# Phone Charger(s) in back seat



## DaDris09 (Apr 6, 2015)

Cost me $25 and it's already paid for itself. Highly recommend this kind of setup. Pax love it.

https://www.amazon.com/dp/B0722RWLNV/?tag=ubne0c-20


----------



## Bpr2 (Feb 21, 2017)

That's what I do, except with one multiple charger. The second is hidden unless another pax asks for it.


----------



## kah5683 (May 15, 2017)

Where did you get the colored cord holders?


----------



## Bpr2 (Feb 21, 2017)

kah5683 said:


> Where did you get the colored cord holders?


Click this link

BELUGA Cable Clips & Cord Management System with 3M Back-Adhesive, Desktop Cable Organizer & Computer, Electrical, Charging or Mouse Cord Holder (Pack of 8) (Multi-color) https://www.amazon.com/dp/B011HTFUU2/?tag=ubne0c-20


----------



## The Gift of Fish (Mar 17, 2017)

I see drunk pax getting this caught up in their feet and trying to yank half my dashboard off.


----------



## Bpr2 (Feb 21, 2017)

The Gift of Fish said:


> I see drunk pax getting this caught up in their feet and trying to yank half my dashboard off.


 That's why I have mine tucked in the back pocket of my driver seat. Instant five star if the passenger tucks it back in for me


----------



## Tomahawk21 (Apr 3, 2017)

Just make sure you check after each ride so if someone tries to sneak it out! Drunk people think they sneaky but surprise no so much.


----------



## Bpr2 (Feb 21, 2017)

Tomahawk21 said:


> Just make sure you check after each ride so if someone tries to sneak it out! Drunk people think they sneaky but surprise no so much.
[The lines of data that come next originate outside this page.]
lemma zeta_star_q_eq_by_bij:
  assumes bij: "bij_betw T (shuffle_set u v) (shuffle_set u v')"
    and WC: "\<And>z. z \<in> shuffle_set u v \<Longrightarrow> WC (T z) = WC z"
    and sinv: "\<And>z. z \<in> shuffle_set u v \<Longrightarrow> sinv (T z) + sinv v = sinv z + sinv v'"
  shows "(zeta (star_q u v) :: nat list \<Rightarrow> 'k::field_char_0 ratfun) = zeta (star_q u v')"
proof
  fix c
  define P where "P = {z. packed z \<and> WC z = c}"
  define coeff :: "nat list \<Rightarrow> nat list \<Rightarrow> 'k ratfun"
    where "coeff w z = qvar powi (int (sinv z) - int (sinv u) - int (sinv w))" for w z
  show "zeta (star_q u v) c = (zeta (star_q u v') c :: 'k ratfun)"
  proof (cases "finite P")
    case True
    have zeta: "zeta (star_q u w) c = (\<Sum>z\<in>P \<inter> shuffle_set u w. coeff w z)" for w
      using sum.inter_restrict[OF True, of "coeff w" "shuffle_set u w"]
      unfolding coeff_def by (simp add: zeta_def star_q_def P_def)
    have packed: "z \<in> shuffle_set u w \<Longrightarrow> packed z" for w z
      by (simp add: shuffle_set_def)
    have "T ` (P \<inter> shuffle_set u v) = P \<inter> shuffle_set u v'"
    proof
      show "T ` (P \<inter> shuffle_set u v) \<subseteq> P \<inter> shuffle_set u v'"
        using bij_betw_apply[OF bij] WC packed by (auto simp: P_def)
      show "P \<inter> shuffle_set u v' \<subseteq> T ` (P \<inter> shuffle_set u v)"
      proof
        fix z' assume z': "z' \<in> P \<inter> shuffle_set u v'"
        then obtain z where "z \<in> shuffle_set u v" "z' = T z"
          using bij by (auto simp: bij_betw_def)
        then show "z' \<in> T ` (P \<inter> shuffle_set u v)"
          using z' WC packed by (auto simp: P_def)
      qed
    qed
    then have "bij_betw T (P \<inter> shuffle_set u v) (P \<inter> shuffle_set u v')"
      by (rule bij_betw_subset[OF bij, rotated]) simp
    moreover have "coeff v' (T z) = coeff v z" if "z \<in> shuffle_set u v" for z
    proof -
      have "int (sinv (T z)) - int (sinv u) - int (sinv v') = int (sinv z) - int (sinv u) - int (sinv v)"
        using sinv[OF that] by linarith
      then show ?thesis unfolding coeff_def by (simp only:)
    qed
    ultimately show ?thesis
      unfolding zeta by (simp add: sum.reindex_bij_betw[symmetric])
  qed (simp add: zeta_def P_def) \<comment> \<open>an infinite \<open>P\<close> gives the junk sum \<open>0\<close> on both sides\<close>
qed

theorem mainTheorem18:
  fixes u v v' :: "nat list"
  assumes "packed u" and "sorted u"
    and "packed v" and "packed v'"
    and "WC v' = WC v"
  shows "(zeta (star_q u v) :: nat list \<Rightarrow> 'k::field_char_0 ratfun) = zeta (star_q u v')"
  using shuffle_set_repattern_suffix[OF assms(2,5,4)]
  by (intro zeta_star_q_eq_by_bij[OF bij_betw_repattern_suffix[OF assms(2-5)]])

end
Luckily my USB port is in the center counsel and I taped the charger to the extension cord so it's sort of difficult to take


----------



## Tomahawk21 (Apr 3, 2017)

Yah but like I said doesn't mean they won't try.


----------



## Bpr2 (Feb 21, 2017)

Tomahawk21 said:


> Yah but like I said doesn't mean they won't try.


The two that have I looked at and said they didn't wanna go down that road. They were good the rest of the trip. Haha.


----------



## Aerodrifting (Aug 13, 2017)

It's a good idea, Btw you can get it for 1/8 the price you paid on eBay.
http://www.ebay.com/itm/3-in-1-Univ...05&rk=1&rkt=1&&_trksid=p2045573.c100505.m3226


----------